Although the number of participants in the current study is low for formal analysis, for illustration, unsupervised clustering analysis was carried out using the K-means algorithm. Individual tests that did not show any variation in score between participants were omitted from the clustering analysis, excluding 14/39 OCS-BRIDGE, and 1/28 neuropsychological measures. Clustering was performed on values that had been centered to a mean value of 0 with a standard deviation of 1. K-means clustering was done with a k value of 4 based on the within-groups sum of squares. Analysis was performed using the k-means function in R version 3.6.1. Clusters were visualized by performing a principal components analysis using the fviz function in the factoextra package and plotting the individual cognitive tests against the first and second principal components.

Results

Demographics and data completeness

No significant difference was found in total impairments reported preoperatively between right- and left-handed participants (t = 0.547, P = 0.6183), male and female (t = 01.175, P = 0.258), or right- and left-sided tumors (t = 0.845, P = 0.411). The correlation between age and impairment frequency did not reach statistical significance (r =  − 0.22, P = 0.39).

All participants completed pre-operative traditional neuropsychology and OCS-BRIDGE assessments. Fourteen participants completed traditional neuropsychology between 2 and 5 weeks after surgery, and eight completed postoperative OCS-BRIDGE assessments within 72 h. Eleven participants completed an OCS-BRIDGE assessment at 3-month follow-up and at 12-month follow-up. Sixteen of seventeen participants had at least one OCS-BRIDGE assessment after surgery (see Table S3).

Neuropsychiatric function

In this sample, anxiety was at a relatively low level with just 3/17 participants pre-operatively scoring within the mild range on the Beck Anxiety Index (BAI) and 2/17 in the moderate range. There was no association between mood status and frequency of cognitive impairment in this sample (BAI status–total cognitive impairments t = 1.2789, P = 0.22; BDI status–total cognitive impairments t = 0.87, P = 0.4).

Traditional neuropsychological assessment

On traditional neuropsychological assessment, pre-surgically, 79% (14/17) of participants had an impairment in at least one domain, with a mean of 2.88 (SD = 2.47) impairments per participant. Three participants performed above cutoff in all domains. Impairments were observed in the domains of attention (7), verbal memory (7), verbal skills (6), nonverbal memory (4), and executive function (3). Of the 26 cognitive measures in the battery, 16 detected at least one impaired level of performance among the participants while 10 returned no impaired scores for any participant.

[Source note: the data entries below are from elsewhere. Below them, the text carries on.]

(* Let $d:\mathbb{R}\to\mathbb{R}$ be a derivation and $\alpha>0$. Then the function $F_{d,\alpha}:\mathbb{R}_+\to\mathbb{R}_+$ defined by \[ F_{d,\alpha}(x)=x^\alpha\exp\Big(\frac{d(x)}{x}\Big)\qquad(x\in\mathbb{R}_+) \] is multiplicative and $(p,\alpha^{-1}p)$-Jensen convex for every positive rational $p$, i.e. \[ F_{d,\alpha}\big(H_p(x,y)\big)\le H_{p/\alpha}\big(F_{d,\alpha}(x),F_{d,\alpha}(y)\big)\qquad(x,y>0,\ p\in\mathbb{Q},\ p>0). \] Hence, if $d$ is a nonzero derivation, then $F_{d,\alpha}$ is a discontinuous function on $\mathbb{R}_+$ which is $(p,\alpha^{-1}p)$-Jensen convex for all positive rationals $p$.
   Context: $\mathbb{R}_+=]0,\infty[$. For $p\in\mathbb{R}$, $H_p(x,y)=\left(\frac{x^p+y^p}{2}\right)^{1/p}$ if $p\neq0$ and $H_0(x,y)=\sqrt{xy}$ ($x,y>0$). A derivation is a function $d:\mathbb{R}\to\mathbb{R}$ that is additive ($d(x+y)=d(x)+d(y)$) and satisfies $d(xy)=xd(y)+yd(x)$ for all $x,y\in\mathbb{R}$. A function $m:\mathbb{R}_+\to\mathbb{R}_+$ is multiplicative if $m(xy)=m(x)m(y)$ for all $x,y>0$. *)

theory Defs
  imports "HOL-Analysis.Analysis"
begin

definition derivation :: "(real \<Rightarrow> real) \<Rightarrow> bool" where
  "derivation d \<longleftrightarrow> (\<forall>x y. d (x + y) = d x + d y) \<and> (\<forall>x y. d (x * y) = x * d y + y * d x)"

definition H :: "real \<Rightarrow> real \<Rightarrow> real \<Rightarrow> real" where
  "H p x y = (if p = 0 then sqrt (x * y) else ((x powr p + y powr p) / 2) powr (1 / p))"

definition multiplicative_pos :: "(real \<Rightarrow> real) \<Rightarrow> bool" where
  "multiplicative_pos m \<longleftrightarrow> (\<forall>x>0. m x > 0) \<and> (\<forall>x>0. \<forall>y>0. m (x * y) = m x * m y)"

definition F :: "(real \<Rightarrow> real) \<Rightarrow> real \<Rightarrow> real \<Rightarrow> real" where
  "F d \<alpha> x = x powr \<alpha> * exp (d x / x)"

end

theory Submission
  imports Defs
begin

text \<open>A derivation vanishes on the rationals, so L x = d x / x is a logarithm on the positive
  reals with L (x powr q) = q * L x for rational q; hence F x = x powr \<alpha> * exp (L x) is
  multiplicative. With u = x powr p and v = y powr p, the p/\<alpha>-th power of F (H p x y) is
  (u + v)/2 times exp of the u,v-weighted mean of p/\<alpha> * L x and p/\<alpha> * L y, while that of the
  right-hand side is the corresponding weighted mean of the exponentials: the inequality is the
  convexity of exp. Finally F q = q powr \<alpha> for rational q, so a continuous F would equal
  x powr \<alpha> everywhere, forcing d = 0 on the positive reals and thus everywhere.\<close>

lemma eq_on_Rats_imp_eq:
  fixes f g :: "real \<Rightarrow> real"
  assumes "open U" "continuous_on U f" "continuous_on U g"
    and "\<And>q. q \<in> U \<inter> \<rat> \<Longrightarrow> f q = g q" and "x \<in> U"
  shows "f x = g x"
proof -
  have "continuous_on U (\<lambda>z. f z - g z)"
    using assms by (intro continuous_intros)
  then have "closedin (top_of_set U) {z \<in> U. f z - g z = 0}"
    by (rule continuous_closedin_preimage_constant)
  then obtain C where "closed C" and C: "{z \<in> U. f z - g z = 0} = U \<inter> C"
    unfolding closedin_closed by blast
  have "U \<subseteq> closure (U \<inter> \<rat>)"
    using open_Int_closure_subset[OF assms(1), of \<rat>] by (simp add: Rats_closure_real)
  also have "\<dots> \<subseteq> C"
  proof (rule closure_minimal[OF _ \<open>closed C\<close>])
    show "U \<inter> \<rat> \<subseteq> C" using C assms(4) by fastforce
  qed
  finally have "x \<in> U \<inter> C"
    using assms(5) by blast
  then show ?thesis
    unfolding C[symmetric] by simp
qed

lemma exp_weighted_mean_le:
  fixes s t a b :: real
  assumes "s > 0" "t > 0"
  shows "(s + t) * exp ((s * a + t * b) / (s + t)) \<le> s * exp a + t * exp b"
proof -
  define w where "w = t / (s + t)"
  have w: "0 \<le> w" "w \<le> 1" "1 - w = s / (s + t)"
    using assms by (auto simp: w_def field_simps)
  have "exp ((s * a + t * b) / (s + t)) = exp ((1 - w) * a + w * b)"
    unfolding w(3) by (simp add: w_def add_divide_distrib)
  also have "\<dots> \<le> (1 - w) * exp a + w * exp b"
    using convex_onD[OF exp_convex, of w a b] w by simp
  also have "\<dots> = (s * exp a + t * exp b) / (s + t)"
    unfolding w(3) by (simp add: w_def add_divide_distrib)
  finally show ?thesis
    using assms by (simp add: field_simps)
qed

definition log_derivative :: "(real \<Rightarrow> real) \<Rightarrow> real \<Rightarrow> real" where
  "log_derivative d x = d x / x"

context
  fixes d :: "real \<Rightarrow> real"
  assumes d: "derivation d"
begin

lemma derivation_add: "d (x + y) = d x + d y"
  using d by (simp add: derivation_def)

lemma derivation_mult: "d (x * y) = x * d y + y * d x"
  using d by (simp add: derivation_def)

lemma derivation_zero: "d 0 = 0"
  using derivation_add[of 0 0] by simp

lemma derivation_uminus: "d (- x) = - d x"
  using derivation_add[of x "- x"] derivation_zero by simp

lemma derivation_one: "d 1 = 0"
  using derivation_mult[of 1 1] by simp

lemma derivation_of_nat: "d (of_nat n) = 0"
  by (induction n) (simp_all add: derivation_zero derivation_add derivation_one)

lemma derivation_of_int: "d (of_int m) = 0"
proof (cases "m \<ge> 0")
  case True
  then show ?thesis using derivation_of_nat[of "nat m"] by simp
next
  case False
  then have "d (of_int m) = d (- of_nat (nat (- m)))" by simp
  then show ?thesis using derivation_uminus derivation_of_nat by simp
qed

lemma derivation_Rats:
  assumes "q \<in> \<rat>"
  shows "d q = 0"
proof -
  obtain a b where b: "b > 0" and q: "q = of_int a / of_int b"
    using Rats_cases'[OF assms] by metis
  have "real_of_int b * d q = d (of_int b * q)"
    using derivation_mult[of "of_int b" q] derivation_of_int[of b] by simp
  also have "\<dots> = 0"
    using b q derivation_of_int[of a] by simp
  finally show ?thesis using b by simp
qed

lemma derivation_eq_0_if_pos_eq_0:
  assumes "\<And>x. x > 0 \<Longrightarrow> d x = 0"
  shows "d = (\<lambda>_. 0)"
proof
  fix x :: real
  consider "x > 0" | "x = 0" | "- x > 0" by linarith
  then show "d x = 0"
    using assms derivation_zero derivation_uminus[of x] by cases auto
qed

lemma log_derivative_mult:
  "x \<noteq> 0 \<Longrightarrow> y \<noteq> 0 \<Longrightarrow> log_derivative d (x * y) = log_derivative d x + log_derivative d y"
  by (simp add: log_derivative_def derivation_mult field_simps)

lemma log_derivative_Rats: "q \<in> \<rat> \<Longrightarrow> log_derivative d q = 0"
  by (simp add: log_derivative_def derivation_Rats)

lemma log_derivative_power:
  assumes "x \<noteq> 0"
  shows "log_derivative d (x ^ n) = n * log_derivative d x"
proof (induction n)
  case 0
  show ?case by (simp add: log_derivative_Rats)
next
  case (Suc n)
  then show ?case
    using assms log_derivative_mult[of x "x ^ n"] by (simp add: algebra_simps)
qed

lemma log_derivative_inverse:
  "x \<noteq> 0 \<Longrightarrow> log_derivative d (inverse x) = - log_derivative d x"
  using log_derivative_mult[of x "inverse x"] by (simp add: log_derivative_Rats)

lemma log_derivative_powr_of_int:
  assumes "x > 0"
  shows "log_derivative d (x powr of_int m) = of_int m * log_derivative d x"
proof (cases "m \<ge> 0")
  case True
  then have "x powr of_int m = x ^ nat m"
    using assms by (simp add: powr_realpow[symmetric])
  then show ?thesis using True assms log_derivative_power[of x "nat m"] by simp
next
  case False
  then have "x powr of_int m = inverse (x ^ nat (- m))"
    using assms by (simp add: powr_realpow[symmetric] powr_minus[symmetric])
  then show ?thesis
    using False assms log_derivative_power[of x "nat (- m)"]
      log_derivative_inverse[of "x ^ nat (- m)"] by simp
qed

lemma log_derivative_powr_Rats:
  assumes "x > 0" and "p \<in> \<rat>"
  shows "log_derivative d (x powr p) = p * log_derivative d x"
proof -
  obtain a b where b: "b > 0" and p: "p = of_int a / of_int b"
    using Rats_cases'[OF assms(2)] by metis
  have "(x powr p) ^ nat b = x powr of_int a"
    using assms(1) b by (simp add: powr_realpow[symmetric] powr_powr p)
  then have "of_int b * log_derivative d (x powr p) = of_int a * log_derivative d x"
    using assms(1) b log_derivative_power[of "x powr p" "nat b"] log_derivative_powr_of_int
    by simp
  then show ?thesis using b by (simp add: p field_simps)
qed

lemma log_derivative_power_mean:
  assumes "p \<in> \<rat>" "p \<noteq> 0" "x > 0" "y > 0"
  shows "log_derivative d (H p x y) =
    (x powr p * log_derivative d x + y powr p * log_derivative d y) / (x powr p + y powr p)"
proof -
  define S where "S = x powr p + y powr p"
  have S: "S > 0" using assms by (simp add: S_def add_pos_pos)
  have dS: "d S = p * (x powr p * log_derivative d x + y powr p * log_derivative d y)"
    using assms log_derivative_powr_Rats[of x p] log_derivative_powr_Rats[of y p]
    by (simp add: S_def derivation_add log_derivative_def field_simps)
  have "log_derivative d (H p x y) = log_derivative d ((S / 2) powr (1 / p))"
    using assms by (simp add: H_def S_def)
  also have "\<dots> = log_derivative d (S / 2) / p"
    using S assms by (simp add: log_derivative_powr_Rats)
  also have "log_derivative d (S / 2) = log_derivative d S"
    using S log_derivative_mult[of S "1 / 2"] by (simp add: log_derivative_Rats)
  finally show ?thesis
    using assms S dS by (simp add: log_derivative_def S_def)
qed

lemma F_eq_log_derivative: "F d \<alpha> x = x powr \<alpha> * exp (log_derivative d x)"
  by (simp add: F_def log_derivative_def)

lemma multiplicative_pos_F: "multiplicative_pos (F d \<alpha>)"
  unfolding multiplicative_pos_def
proof (intro conjI allI impI)
  fix x y :: real
  assume "x > 0" "y > 0"
  then show "F d \<alpha> (x * y) = F d \<alpha> x * F d \<alpha> y"
    by (simp add: F_eq_log_derivative log_derivative_mult powr_mult exp_add)
qed (simp add: F_def)

lemma F_powr:
  assumes "x > 0" "\<alpha> \<noteq> 0"
  shows "F d \<alpha> x powr (p / \<alpha>) = x powr p * exp (p / \<alpha> * log_derivative d x)"
  using assms by (simp add: F_eq_log_derivative powr_mult exp_powr_real powr_powr mult_ac)

lemma F_power_mean_le:
  assumes "p \<in> \<rat>" "p > 0" "\<alpha> > 0" "x > 0" "y > 0"
  shows "F d \<alpha> (H p x y) \<le> H (p / \<alpha>) (F d \<alpha> x) (F d \<alpha> y)"
proof -
  define u where "u = x powr p"
  define v where "v = y powr p"
  define a where "a = p / \<alpha> * log_derivative d x"
  define b where "b = p / \<alpha> * log_derivative d y"
  have uv: "u > 0" "v > 0" using assms by (simp_all add: u_def v_def)
  have H: "H p x y = ((u + v) / 2) powr (1 / p)"
    using assms by (simp add: H_def u_def v_def)
  have Hpos: "H p x y > 0" using uv by (simp add: H)
  have "F d \<alpha> (H p x y) = (F d \<alpha> (H p x y) powr (p / \<alpha>)) powr (\<alpha> / p)"
    using assms by (simp add: F_eq_log_derivative powr_powr)
  also have "F d \<alpha> (H p x y) powr (p / \<alpha>)
      = H p x y powr p * exp (p / \<alpha> * log_derivative d (H p x y))"
    using Hpos assms by (simp add: F_powr)
  also have "p / \<alpha> * log_derivative d (H p x y) = (u * a + v * b) / (u + v)"
    using assms by (simp add: log_derivative_power_mean u_def v_def a_def b_def field_simps)
  also have "H p x y powr p = (u + v) / 2"
    using assms uv by (simp add: H powr_powr)
  also have "((u + v) / 2 * exp ((u * a + v * b) / (u + v))) powr (\<alpha> / p)
      \<le> ((u * exp a + v * exp b) / 2) powr (\<alpha> / p)"
    using exp_weighted_mean_le[OF uv, of a b] uv assms by (intro powr_mono2) auto
  also have "\<dots> = H (p / \<alpha>) (F d \<alpha> x) (F d \<alpha> y)"
    using assms by (simp add: H_def F_powr u_def v_def a_def b_def)
  finally show ?thesis .
qed

lemma F_Rats: "q \<in> \<rat> \<Longrightarrow> F d \<alpha> q = q powr \<alpha>"
  by (simp add: F_def derivation_Rats)

lemma not_continuous_on_F:
  assumes "d \<noteq> (\<lambda>_. 0)"
  shows "\<not> continuous_on {0<..} (F d \<alpha>)"
proof
  assume cont: "continuous_on {0<..} (F d \<alpha>)"
  have pow: "continuous_on {0<..} (\<lambda>x::real. x powr \<alpha>)"
    by (intro continuous_on_powr' continuous_on_id continuous_on_const) auto
  have "F d \<alpha> x = x powr \<alpha>" if "x > 0" for x
  proof (rule eq_on_Rats_imp_eq[OF open_greaterThan cont pow])
    show "F d \<alpha> q = q powr \<alpha>" if "q \<in> {0<..} \<inter> \<rat>" for q
      using that by (simp add: F_Rats)
  qed (use that in simp)
  then have "d x = 0" if "x > 0" for x
    using that by (simp add: F_def)
  then show False
    using assms derivation_eq_0_if_pos_eq_0 by blast
qed

end

theorem theorem3:
  fixes d :: "real \<Rightarrow> real" and \<alpha> :: real
  assumes "derivation d" and "\<alpha> > 0"
  shows "multiplicative_pos (F d \<alpha>)
    \<and> (\<forall>p\<in>\<rat>. p > 0 \<longrightarrow> (\<forall>x>0. \<forall>y>0.
          F d \<alpha> (H p x y) \<le> H (p / \<alpha>) (F d \<alpha> x) (F d \<alpha> y)))
    \<and> (d \<noteq> (\<lambda>_. 0) \<longrightarrow> \<not> continuous_on {0<..} (F d \<alpha>))"
proof (intro conjI ballI impI allI)
  show "multiplicative_pos (F d \<alpha>)"
    using assms(1) by (rule multiplicative_pos_F)
  show "F d \<alpha> (H p x y) \<le> H (p / \<alpha>) (F d \<alpha> x) (F d \<alpha> y)"
    if "p \<in> \<rat>" "p > 0" "x > 0" "y > 0" for p x y
    using assms that by (intro F_power_mean_le)
  show "\<not> continuous_on {0<..} (F d \<alpha>)" if "d \<noteq> (\<lambda>_. 0)"
    using assms(1) that by (rule not_continuous_on_F)
qed

end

After surgery, all but one participant had an impairment in at least one domain, with a mean of 4.50 impairments per participant (SD = 3.40). Compared with testing before surgery, the total number of cognitive impairments apparently reduced in 43% (6/14) participants, remained unchanged in 7% (1/14), and increased by 50% (7/14) (Fig. 1). Of the 7 participants with more impairments, the average increase was 4.14 (SD 3.18). Three domains (verbal memory, nonverbal memory, and verbal skills) demonstrated an increase in impairments after surgery, two domains (nonverbal skills and attention) remained unchanged, and one (executive function) improved. No participants demonstrated an impairment in nonverbal skills at any point.

Fig. 1
figure 1

Change in the total number of deficits for each patient between pre- and postoperative traditional neuropsychology testing

OCS-BRIDGE testing

As expected, OCS-bridge assessment required considerably less administration time (mean = 30.5 min, SD = 7.4) than traditional assessment (2–3 h). Before surgery, 59% (10/17) of participants had an impairment in at least one OCS-BRIDGE domain, with a mean of 0.94 impairments (SD = 1.08) per participant. Impairments before surgery occurred in the domains of numerical cognition (4), perception (3), attention (3), language (1), praxis (1), and verbal working memory (1). No participants showed an impairment in memory or prospective memory before surgery. Of the 39 individual cognitive tests included in the OCS-BRIDGE battery, 26 (66%) detected at least 1 impaired performance while performance on the remaining 13 was uniformly within the normal range.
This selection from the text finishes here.